In 1594, Pluvinel founded the "Academie d'Equitation" near what is now Place des Pyramides, a long-time dream. There, the French nobility was trained not only in horsemanship, but also in all the accomplishments (dancing, fashionable dressing, etc.) It can be said that Pluvinel's influence on the aristocracy lasted from the late 16th century to the 17th century.

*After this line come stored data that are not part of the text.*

lemma set_insE:
  assumes "q \<in> set (ins x ps)"
  obtains "q \<in> set ps"
    | p where "q = x # p" "p \<in> set ps" "p = [] \<or> x < hd p"
    | "q = [x]"
  using assms by (induction ps) (auto split: if_splits)

lemma set_concat_patience: "set (concat (patience xs)) = set xs"
  by (induction xs rule: rev_induct) (simp_all add: set_concat_ins del: set_concat)

lemma distinct_concat_patience: "distinct xs \<Longrightarrow> distinct (concat (patience xs))"
  by (induction xs rule: rev_induct) (auto simp: distinct_concat_ins set_concat_patience simp del: set_concat)

lemma sorted_patience_pile: "p \<in> set (patience xs) \<Longrightarrow> sorted_wrt (<) p"
proof (induction xs arbitrary: p rule: rev_induct)
  case (snoc x xs)
  from snoc.prems[unfolded patience_snoc] show ?case
  proof (cases rule: set_insE)
    case (2 q)
    with snoc.IH[of q] show ?thesis by (cases q) auto
  qed (auto intro: snoc.IH)
qed simp

lemma hd_le_if_sorted_wrt_less: "sorted_wrt (<) (q :: 'a::order list) \<Longrightarrow> y \<in> set q \<Longrightarrow> hd q \<le> y"
  by (cases q) auto

lemma patience_pile_antimono:
  assumes "distinct xs" "p \<in> set (patience xs)" "i < j" "j < length xs"
    and "xs ! i \<in> set p" "xs ! j \<in> set p"
  shows "xs ! j < xs ! i"
  using assms
proof (induction xs arbitrary: p rule: rev_induct)
  case (snoc x xs)
  have new: "x \<notin> set (concat (patience xs))"
    using snoc.prems(1) by (simp add: set_concat_patience del: set_concat)
  have xi: "(xs @ [x]) ! i = xs ! i" "xs ! i \<noteq> x"
    using snoc.prems(1,3,4) by (auto simp: nth_append)
  from snoc.prems(2)[unfolded patience_snoc] show ?case
  proof (cases rule: set_insE)
    case 1
    then show ?thesis using snoc new by (cases "j < length xs") (auto simp: nth_append)
  next
    case (2 q)
    have "xs ! i \<in> set q" using 2 snoc.prems(5) xi by simp
    show ?thesis
    proof (cases "j < length xs")
      case True
      then have "xs ! j \<in> set q" using 2 snoc.prems(1,6) by (auto simp: nth_append)
      with True show ?thesis using snoc.IH[of q] 2 snoc.prems(1,3) xi \<open>xs ! i \<in> set q\<close>
        by (simp add: nth_append)
    next
      case False
      then have "(xs @ [x]) ! j = x" using snoc.prems(4) by (simp add: nth_append)
      moreover have "hd q \<le> xs ! i"
        using \<open>xs ! i \<in> set q\<close> 2 by (auto intro: hd_le_if_sorted_wrt_less sorted_patience_pile)
      ultimately show ?thesis using 2 xi \<open>xs ! i \<in> set q\<close> by auto
    qed
  next
    case 3
    then show ?thesis using snoc.prems(5) xi by simp
  qed
qed simp

lemma distinct_concat_nth_eq:
  assumes "distinct (concat ps)" "i < length ps" "j < length ps"
    and "x \<in> set (ps ! i)" "x \<in> set (ps ! j)"
  shows "i = j"
  using assms
proof (induction ps arbitrary: i j)
  case (Cons p ps)
  have not_head: "x \<notin> set p" if "k < length ps" "x \<in> set (ps ! k)" for k
    using Cons.prems(1) nth_mem[OF that(1)] that(2) by (auto simp: disjoint_iff)
  show ?case
  proof (cases i)
    case 0
    then show ?thesis using Cons.prems not_head by (cases j) auto
  next
    case (Suc i')
    then show ?thesis using Cons.prems Cons.IH not_head by (cases j) auto
  qed
qed simp

definition same_pile :: "(nat \<Rightarrow> nat) \<Rightarrow> nat \<Rightarrow> nat \<Rightarrow> nat \<Rightarrow> bool" where
  "same_pile a n x y \<longleftrightarrow> (\<exists>i. 1 \<le> i \<and> i < length (piles a n) \<and>
     a x \<in> set (piles a n ! i) \<and> a y \<in> set (piles a n ! i))"

lemma placed_below_iff_same_pile:
  "placed_below a n u v \<longleftrightarrow> u \<le> n \<and> v \<le> n \<and> u < v \<and> same_pile a n u v"
  unfolding placed_below_def same_pile_def ..

lemma same_pile_sym: "same_pile a n x y \<Longrightarrow> same_pile a n y x"
  unfolding same_pile_def by blast

lemma distinct_map_upt_Suc: "inj_on a {0..n} \<Longrightarrow> distinct (map a [0..<Suc n])"
  by (simp add: distinct_map atLeastLessThanSuc_atLeastAtMost del: upt_Suc)

lemma same_pile_trans:
  assumes "inj_on a {0..n}" "same_pile a n x y" "same_pile a n y z"
  shows "same_pile a n x z"
proof -
  obtain i j where "i < length (piles a n)" "j < length (piles a n)"
    "a y \<in> set (piles a n ! i)" "a y \<in> set (piles a n ! j)"
    and xz: "1 \<le> i" "a x \<in> set (piles a n ! i)" "a z \<in> set (piles a n ! j)"
    using assms(2,3) unfolding same_pile_def by blast
  then have "i = j"
    using distinct_concat_nth_eq[OF distinct_concat_patience[OF distinct_map_upt_Suc[OF assms(1)]]]
    unfolding piles_eq_patience by blast
  with xz \<open>i < length (piles a n)\<close> show ?thesis
    unfolding same_pile_def by blast
qed

lemma same_pile_decreasing:
  assumes "inj_on a {0..n}" "same_pile a n x y" "x < y" "y \<le> n"
  shows "a y < a x"
proof -
  obtain i where "i < length (piles a n)" "a x \<in> set (piles a n ! i)" "a y \<in> set (piles a n ! i)"
    using assms(2) unfolding same_pile_def by blast
  then show ?thesis
    using patience_pile_antimono[OF distinct_map_upt_Suc[OF assms(1)], of "piles a n ! i" x y] assms(3,4)
    unfolding piles_eq_patience by (simp del: upt_Suc)
qed

lemma inj_on_0_to_n:
  fixes a :: "nat \<Rightarrow> nat"
  assumes "a 0 = 0" "inj_on a {1..n}" "a ` {1..n} \<subseteq> {1..n}"
  shows "inj_on a {0..n}"
proof -
  have "{0..n} = insert 0 {1..n}" by auto
  moreover have "a 0 \<notin> a ` {1..n}" using assms(1,3) by auto
  ultimately show ?thesis using assms(2) by simp
qed

lemma feasible_subset: "feasible a n J \<Longrightarrow> K \<subseteq> J \<Longrightarrow> feasible a n K"
  unfolding feasible_def by blast

lemma feasible_insert:
  assumes "feasible a n J" "u \<le> n"
    and "\<And>x. x \<in> J \<Longrightarrow> x < u \<Longrightarrow> a x < a u" "\<And>x. x \<in> J \<Longrightarrow> u < x \<Longrightarrow> a u < a x"
  shows "feasible a n (insert u J)"
  using assms unfolding feasible_def by auto

lemma feasible_same_pile_eq:
  assumes "inj_on a {0..n}" "feasible a n I" "x \<in> I" "y \<in> I" "same_pile a n x y"
  shows "x = y"
proof -
  have less: "a y < a x" if "x < y" "x \<in> I" "y \<in> I" "same_pile a n x y" for x y
    using same_pile_decreasing[OF assms(1) that(4,1)] that(3) assms(2)
    unfolding feasible_def by auto
  have incr: "a x < a y" if "x < y" "x \<in> I" "y \<in> I" for x y
    using assms(2) that unfolding feasible_def by blast
  show ?thesis
    using less[of x y] less[of y x] incr[of x y] incr[of y x] assms(3-5) same_pile_sym
    by (metis less_asym linorder_neq_iff)
qed

lemma exchange_in_maxfeas:
  assumes "J \<in> maxfeas a n" "v \<in> J" "u \<notin> J" "feasible a n (insert u (J - {v}))"
  shows "insert u (J - {v}) \<in> maxfeas a n"
proof -
  have "finite J"
    using assms(1) unfolding maxfeas_def feasible_def by (auto intro: finite_subset)
  then have "card (insert u (J - {v})) = Suc (card (J - {v}))"
    using assms(3) by simp
  also have "\<dots> = card J"
    using \<open>finite J\<close> assms(2) by (rule card_Suc_Diff1)
  finally have "card (insert u (J - {v})) = card J" .
  then show ?thesis using assms(1,4) unfolding maxfeas_def by simp
qed

lemma triE:
  assumes "tri a n J I"
  obtains u v where "u \<notin> I" "v \<in> I" "J = insert u (I - {v})" "placed_below a n u v"
proof -
  obtain u v where uv: "J - I = {u}" "I - J = {v}" "placed_below a n u v"
    using assms unfolding tri_def by blast
  then have "u \<notin> I" "v \<in> I" "J = insert u (I - {v})"
    by (auto simp: set_eq_iff)
  with uv(3) that show ?thesis by blast
qed

lemma tri_exchangeI:
  assumes "u \<notin> I" "v \<in> I" "placed_below a n u v"
  shows "tri a n (insert u (I - {v})) I"
proof -
  have "insert u (I - {v}) - I = {u}" "I - insert u (I - {v}) = {v}"
    using assms(1,2) by auto
  with assms(3) show ?thesis unfolding tri_def by blast
qed

lemma placed_below_if_common_top:
  assumes "inj_on a {0..n}" "placed_below a n u w" "placed_below a n u' w" "u < u'"
  shows "placed_below a n u u'"
  using assms same_pile_trans same_pile_sym unfolding placed_below_iff_same_pile by metis

lemma tri_if_same_removed:
  assumes "u \<notin> I" "u' \<notin> I" "placed_below a n u u'"
  shows "tri a n (insert u (I - {v})) (insert u' (I - {v}))"
proof -
  have "u \<noteq> u'" using assms(3) unfolding placed_below_def by simp
  then have "tri a n (insert u (insert u' (I - {v}) - {u'})) (insert u' (I - {v}))"
    using assms by (intro tri_exchangeI) auto
  moreover have "insert u (insert u' (I - {v}) - {u'}) = insert u (I - {v})"
    using assms(2) by auto
  ultimately show ?thesis by simp
qed

lemma feasible_crossing_less:
  assumes "inj_on a {0..n}" "feasible a n J" "u \<in> J" "v' \<in> J" "placed_below a n u' v'" "u < u'"
  shows "a u < a u'"
proof -
  have "u' < v'" "v' \<le> n" "same_pile a n u' v'"
    using assms(5) unfolding placed_below_iff_same_pile by auto
  then have "a v' < a u'" using same_pile_decreasing[OF assms(1)] by blast
  moreover have "a u < a v'"
    using assms(2-4,6) \<open>u' < v'\<close> unfolding feasible_def by auto
  ultimately show ?thesis by simp
qed

lemma tri_common_lower_neighbour:
  assumes inj: "inj_on a {0..n}"
    and J: "J \<in> maxfeas a n" "J = insert u (I - {v})"
    and J': "J' \<in> maxfeas a n" "J' = insert u' (I - {v'})"
    and I: "u \<notin> I" "u' \<notin> I" "v \<in> I" "v' \<in> I"
    and "u \<noteq> u'" "v \<noteq> v'" "placed_below a n u v" "placed_below a n u' v'"
  shows "\<exists>K\<in>maxfeas a n. tri a n K J \<and> tri a n K J'"
proof -
  have fJ: "feasible a n J" and fJ': "feasible a n J'"
    using J(1) J'(1) unfolding maxfeas_def by auto
  have mem: "u \<in> J" "v' \<in> J" "u' \<in> J'" "v \<in> J'"
    using J(2) J'(2) I \<open>u \<noteq> u'\<close> \<open>v \<noteq> v'\<close> by auto
  have less_u': "a x < a u'" if "x \<in> J - {v'}" "x < u'" for x
  proof (cases "x = u")
    case True
    then show ?thesis
      using feasible_crossing_less[OF inj fJ mem(1,2) \<open>placed_below a n u' v'\<close>] that(2) by simp
  next
    case False
    then have "x \<in> J'" using that(1) J(2) J'(2) by auto
    with fJ' mem(3) that(2) show ?thesis unfolding feasible_def by blast
  qed
  have greater_u': "a u' < a x" if "x \<in> J - {v'}" "u' < x" for x
  proof (cases "x = u")
    case True
    then show ?thesis
      using feasible_crossing_less[OF inj fJ' mem(3,4) \<open>placed_below a n u v\<close>] that(2) by simp
  next
    case False
    then have "x \<in> J'" using that(1) J(2) J'(2) by auto
    with fJ' mem(3) that(2) show ?thesis unfolding feasible_def by blast
  qed
  define K where "K = insert u' (J - {v'})"
  have K_sym: "K = insert u (J' - {v})"
    unfolding K_def J(2) J'(2) using I \<open>u \<noteq> u'\<close> \<open>v \<noteq> v'\<close> by auto
  have "u' \<le> n" using \<open>placed_below a n u' v'\<close> unfolding placed_below_def by simp
  with fJ less_u' greater_u' have "feasible a n K"
    unfolding K_def by (intro feasible_insert) (auto intro: feasible_subset)
  then have "K \<in> maxfeas a n"
    unfolding K_def using J I \<open>u \<noteq> u'\<close> \<open>v \<noteq> v'\<close> by (intro exchange_in_maxfeas) auto
  moreover have "tri a n K J"
    unfolding K_def using J(2) I \<open>u \<noteq> u'\<close> \<open>v \<noteq> v'\<close> \<open>placed_below a n u' v'\<close>
    by (intro tri_exchangeI) auto
  moreover have "tri a n K J'"
    unfolding K_sym using J'(2) I \<open>u \<noteq> u'\<close> \<open>v \<noteq> v'\<close> \<open>placed_below a n u v\<close>
    by (intro tri_exchangeI) auto
  ultimately show ?thesis by blast
qed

Richelieu, the future Prime minister of King Louis XIII attended the Academie; so did William, duke of Cavendish.

Pluvinel died on 24 August 1620, leaving no male heir. His name passed on his nephews La Baume, who were authorized to add Pluvinel to their own name and later became marquesses of la Baume de Pluvinel (1693). The work of the riding academy in Paris was continued by Pluvinel's business partner or manager, Monsieur Benjamin.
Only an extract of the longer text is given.